**WHAT THE EXERCISE ASKS**
Every line of the records that holds the word "allI" should be copied.

#####

lemma presheaf_map_family_map: "presheaf_map C track Y (family_map Y z)"
  unfolding presheaf_map_def
proof (intro conjI allI ballI impI)
  fix V c assume "c \<in> el track V"
  then obtain k g where k: "k \<le> n" and g: "g \<in> hom C V (U k)" and c: "c = tclass V (k, g)"
    unfolding el_track path_arrow_def by auto
  show "family_map Y z V c \<in> el Y V"
    using family_map_arrow[OF k g] presheaf_act_el[OF Y g] z k c unfolding compatible_family_def by simp
next
  fix W V \<phi> c assume \<phi>: "\<phi> \<in> hom C W V" and "c \<in> el track V"
  then obtain k g where k: "k \<le> n" and g: "g \<in> hom C V (U k)" and c: "c = tclass V (k, g)"
    unfolding el_track path_arrow_def by auto
  have "family_map Y z W (act track W V \<phi> c) = act Y W (U k) (cmp C g \<phi>) (z k)"
    using act_tclass[OF \<phi>] family_map_arrow[OF k category_cmp_hom[OF category \<phi> g]] c by simp
  also have "\<dots> = act Y W V \<phi> (family_map Y z V c)"
    using presheaf_act_cmp[OF Y \<phi> g] family_map_arrow[OF k g] z k c
    unfolding compatible_family_def by simp
  finally show "family_map Y z W (act track W V \<phi> c) = act Y W V \<phi> (family_map Y z V c)" .
qed

end

lemma aut_mor_from_track_iff:
  assumes Y: "presheaf C Y"
  shows "(\<exists>L. aut_mor C track Y L) \<longleftrightarrow>
    (\<exists>z. compatible_family Y n U kd mor z \<and> (U 0, z 0) \<in> start Y \<and> (U n, z n) \<in> accept Y)"
proof
  assume "\<exists>L. aut_mor C track Y L"
  then obtain L where L: "aut_mor C track Y L" ..
  have "start track = {(U 0, vertex 0)}" and "accept track = {(U n, vertex n)}"
    by (simp_all add: track_aut_def)
  then have "(U 0, L (U 0) (vertex 0)) \<in> start Y" and "(U n, L (U n) (vertex n)) \<in> accept Y"
    using L unfolding aut_mor_def by simp_all
  moreover have "compatible_family Y n U kd mor (\<lambda>k. L (U k) (vertex k))"
    using L compatible_family_of_map unfolding aut_mor_def by blast
  ultimately show "\<exists>z. compatible_family Y n U kd mor z \<and> (U 0, z 0) \<in> start Y \<and> (U n, z n) \<in> accept Y"
    by blast
next
  assume "\<exists>z. compatible_family Y n U kd mor z \<and> (U 0, z 0) \<in> start Y \<and> (U n, z n) \<in> accept Y"
  then obtain z where z: "compatible_family Y n U kd mor z"
    and "(U 0, z 0) \<in> start Y" and "(U n, z n) \<in> accept Y" by blast
  then have "aut_mor C track Y (family_map Y z)"
    using presheaf_map_family_map[OF Y z] family_map_vertex[OF Y z]
    unfolding aut_mor_def by (simp add: track_aut_def)
  then show "\<exists>L. aut_mor C track Y L" by blast
qed

context
  fixes X :: "('o, 'm, 'x) automaton" and Y :: "('o, 'm, 'y) automaton" and f :: "'o \<Rightarrow> 'y \<Rightarrow> 'x"
  assumes X: "presheaf C X" and Y: "presheaf C Y"
    and f: "presheaf_map C Y X f" and f_open: "future_open C Y X f"
begin

lemma future_open_lift_edge:
  assumes k: "k < n" and x: "compatible_family X n U kd mor x"
    and y: "y \<in> el Y (U k)" and fy: "f (U k) y = x k"
  shows "\<exists>y' \<in> el Y (U (Suc k)). f (U (Suc k)) y' = x (Suc k) \<and>
    (if kd k = PT then act Y (U (Suc k)) (U k) (mor k) y = y'
     else act Y (U k) (U (Suc k)) (mor k) y' = y)"
proof -
  have x_el: "x (Suc k) \<in> el X (U (Suc k))"
    using x k unfolding compatible_family_def by simp
  have x_act: "act X (U (dom_idx kd k)) (U (cod_idx kd k)) (mor k) (x (cod_idx kd k)) = x (dom_idx kd k)"
    using x k unfolding compatible_family_def by simp
  show ?thesis
  proof (cases "kd k")
    case PS
    then have "mor k \<in> fwd C (U k) (U (Suc k))"
      using path k unfolding is_path_def by simp
    moreover have "act X (U k) (U (Suc k)) (mor k) (x (Suc k)) = f (U k) y"
      using x_act fy PS by (simp add: dom_idx_def cod_idx_def)
    ultimately show ?thesis
      using future_openD[OF f_open _ y x_el] PS by auto
  next
    case PT
    then have m: "mor k \<in> hom C (U (Suc k)) (U k)"
      using mor_hom[OF k] by (simp add: dom_idx_def cod_idx_def)
    have "f (U (Suc k)) (act Y (U (Suc k)) (U k) (mor k) y) = x (Suc k)"
      using presheaf_map_act[OF f m y] fy x_act PT by (simp add: dom_idx_def cod_idx_def)
    then show ?thesis
      using presheaf_act_el[OF Y m y] PT by auto
  next
    case PI
    then obtain \<psi> where \<psi>: "inverse_pair C (U k) (U (Suc k)) (mor k) \<psi>"
      using path k unfolding is_path_def invertible_def by auto
    then have \<psi>_hom: "\<psi> \<in> hom C (U (Suc k)) (U k)"
      unfolding inverse_pair_def by simp
    let ?y' = "act Y (U (Suc k)) (U k) \<psi> y"
    have "f (U (Suc k)) ?y' = act X (U (Suc k)) (U k) \<psi> (act X (U k) (U (Suc k)) (mor k) (x (Suc k)))"
      using presheaf_map_act[OF f \<psi>_hom y] fy x_act PI by (simp add: dom_idx_def cod_idx_def)
    also have "\<dots> = x (Suc k)"
      using presheaf_act_inverse[OF category X inverse_pair_sym[OF \<psi>] x_el] .
    finally show ?thesis
      using presheaf_act_el[OF Y \<psi>_hom y] presheaf_act_inverse[OF category Y \<psi> y] PI by auto
  qed
qed
text \<open>The thresholds are the Ky Fan distances of the events B n to the empty event, plus 1/(n+1).\<close>

lemma (in prob_space) vanishing_thresholds:
  fixes B :: "nat \<Rightarrow> real \<Rightarrow> 'a set"
  assumes B: "\<And>n e. B n e \<in> events" and anti: "\<And>n e e'. e \<le> e' \<Longrightarrow> B n e' \<subseteq> B n e"
    and lim: "\<And>e. 0 < e \<Longrightarrow> (\<lambda>n. prob (B n e)) \<longlonglongrightarrow> 0"
  shows "\<exists>\<epsilon>. \<epsilon> \<longlonglongrightarrow> 0 \<and> (\<lambda>n. prob (B n (\<epsilon> n))) \<longlonglongrightarrow> 0"
proof -
  define R where "R n = {r. 0 < r \<and> prob (B n r) \<le> r}" for n
  define r where "r n = Inf (R n)" for n
  have "1 \<in> R n" for n unfolding R_def using prob_le_1 by simp
  then have R_ne: "R n \<noteq> {}" for n by blast
  have R_bdd: "bdd_below (R n)" for n unfolding R_def by (intro bdd_belowI[of _ 0]) auto
  have r_nonneg: "0 \<le> r n" for n unfolding r_def by (rule cInf_greatest[OF R_ne]) (auto simp: R_def)
  define \<epsilon> where "\<epsilon> n = r n + inverse (real (Suc n))" for n
  have prob_le: "prob (B n (\<epsilon> n)) \<le> \<epsilon> n" for n
  proof -
    have "Inf (R n) < \<epsilon> n" unfolding \<epsilon>_def r_def by simp
    with cInf_lessD[OF R_ne] obtain q where q: "q \<in> R n" "q < \<epsilon> n" by blast
    have "prob (B n (\<epsilon> n)) \<le> prob (B n q)"
      using q B by (intro finite_measure_mono anti) auto
    also have "\<dots> \<le> q" using q unfolding R_def by simp
    finally show ?thesis using q by simp
  qed
  have "r \<longlonglongrightarrow> 0"
  proof (rule order_tendstoI)
    show "\<forall>\<^sub>F n in sequentially. d < r n" if "d < 0" for d
      using r_nonneg that by (intro always_eventually allI) (meson less_le_trans)
    show "\<forall>\<^sub>F n in sequentially. r n < d" if "0 < d" for d
    proof -
      have "0 < d / 2" using that by simp
      from order_tendstoD(2)[OF lim[OF this] this] show ?thesis
      proof eventually_elim
        case (elim n)
        then have "d / 2 \<in> R n" unfolding R_def using \<open>0 < d / 2\<close> by simp
        then have "r n \<le> d / 2" unfolding r_def by (rule cInf_lower[OF _ R_bdd])
        then show ?case using that by simp
      qed
    qed
  qed
  then have "\<epsilon> \<longlonglongrightarrow> 0"
    unfolding \<epsilon>_def using tendsto_add[OF _ LIMSEQ_inverse_real_of_nat] by simp
  moreover have "(\<lambda>n. prob (B n (\<epsilon> n))) \<longlonglongrightarrow> 0"
    by (rule tendsto_sandwich[of "\<lambda>_. 0" _ _ \<epsilon>]) (use prob_le \<open>\<epsilon> \<longlonglongrightarrow> 0\<close> in auto)
  ultimately show ?thesis by blast
qed
(* Fix an integer $m>1$ and consider the $(m,m)$ algorithm on the complete graph on $N$ nodes. Let $X(t)$ be the number of nodes in state $1$ at time $t$. Then for every $i\in\{0,1,\ldots,N\}$, $$\mathbb{P}(X(\infty)=N\mid X(0)=i)=\frac{\sum_{k=0}^{i-1}\binom{N-1}{k}^{m-1}}{\sum_{k=0}^{N-1}\binom{N-1}{k}^{m-1}}$$ (an empty sum being $0$). Further, for every $\alpha\in(0,1/2)$ there is a constant $c>0$ not depending on $N$ such that $$h_N(\alpha)\le c\exp\Bigl(-(N-1)(m-1)D\bigl(\alpha;\tfrac12\bigr)\Bigr),$$ where $D(p;\tfrac12)=\log 2-H(p)$ with $H(p)=-p\log p-(1-p)\log(1-p)$, i.e. $D(p;\tfrac12)$ is the Kullback–Leibler divergence of the Bernoulli$(p)$ distribution from the Bernoulli$(1/2)$ distribution. Moreover, the two sides of this inequality are logarithmically equivalent as $N\to\infty$, i.e. $\lim_{N\to\infty}\frac1N\log h_N(\alpha)=-(m-1)D(\alpha;\tfrac12)$.
   Context: The $(m,d)$ algorithm (integers $1\le d\le m$) on the complete graph on $N$ nodes: each node has a state in $\{0,1\}$ and an independent unit-rate exponential clock (Poisson process of rate 1), independent of all states. At each tick of its clock, a node samples $m$ nodes uniformly at random from all $N$ nodes, with replacement, and observes their current states; if at least $d$ of the sampled nodes have a state different from its own, it switches its state, otherwise it keeps it. The number $X(t)$ of nodes in state 1 is then a continuous-time Markov chain on $\{0,\ldots,N\}$ with rates $q_{n,n+1}=(N-n)\mathbb{P}(\mathrm{Bin}(m,n/N)\ge d)$ and $q_{n,n-1}=n\,\mathbb{P}(\mathrm{Bin}(m,(N-n)/N)\ge d)$; states $0$ and $N$ are absorbing, and $X(\infty)$ denotes the absorbing state eventually reached. The $(m,m)$ algorithm is the case $d=m$. For $\alpha=i/N$, $i\in\{0,\ldots,N\}$, define $h_N(\alpha)=\mathbb{P}(X(\infty)=N\mid X(0)=\lfloor\alpha N\rfloor)$, and for general $\alpha\in[0,1]$ define $h_N(\alpha)=(N\alpha-\lfloor N\alpha\rfloor)h_N(\lceil\alpha N\rceil/N)+(\lceil N\alpha\rceil-N\alpha)h_N(\lfloor\alpha N\rfloor/N)$ (linear interpolation). *)

theory Defs
  imports "HOL-Probability.Probability"
begin

definition binom_tail :: "nat \<Rightarrow> nat \<Rightarrow> real \<Rightarrow> real" where
  "binom_tail m d p = (\<Sum>j\<in>{d..m}. real (m choose j) * p ^ j * (1 - p) ^ (m - j))"

definition rate_up :: "nat \<Rightarrow> nat \<Rightarrow> nat \<Rightarrow> nat \<Rightarrow> real" where
  "rate_up m d N n = real (N - n) * binom_tail m d (real n / real N)"

definition rate_down :: "nat \<Rightarrow> nat \<Rightarrow> nat \<Rightarrow> nat \<Rightarrow> real" where
  "rate_down m d N n = real n * binom_tail m d (real (N - n) / real N)"

text \<open>One step of the embedded jump chain of the continuous-time chain X(t);
  states 0 and N (and any state with zero total rate) are absorbing.\<close>
definition jump_step :: "nat \<Rightarrow> nat \<Rightarrow> nat \<Rightarrow> nat \<Rightarrow> nat pmf" where
  "jump_step m d N n =
     (if 0 < n \<and> n < N \<and> rate_up m d N n + rate_down m d N n > 0
      then map_pmf (\<lambda>b. if b then n + 1 else n - 1)
             (bernoulli_pmf (rate_up m d N n / (rate_up m d N n + rate_down m d N n)))
      else return_pmf n)"

fun jump_dist :: "nat \<Rightarrow> nat \<Rightarrow> nat \<Rightarrow> nat \<Rightarrow> nat \<Rightarrow> nat pmf" where
  "jump_dist m d N i 0 = return_pmf i"
| "jump_dist m d N i (Suc k) = bind_pmf (jump_dist m d N i k) (jump_step m d N)"

text \<open>P(X(\<infinity>) = N | X(0) = i): probability that the chain is eventually absorbed in N
  (the limit of the nondecreasing sequence P(Y_k = N)).\<close>
definition absorb_prob :: "nat \<Rightarrow> nat \<Rightarrow> nat \<Rightarrow> nat \<Rightarrow> real" where
  "absorb_prob m d N i = lim (\<lambda>k. pmf (jump_dist m d N i k) N)"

#####

**ANSWER**
proof (intro conjI allI ballI impI)
      using r_nonneg that by (intro always_eventually allI) (meson less_le_trans)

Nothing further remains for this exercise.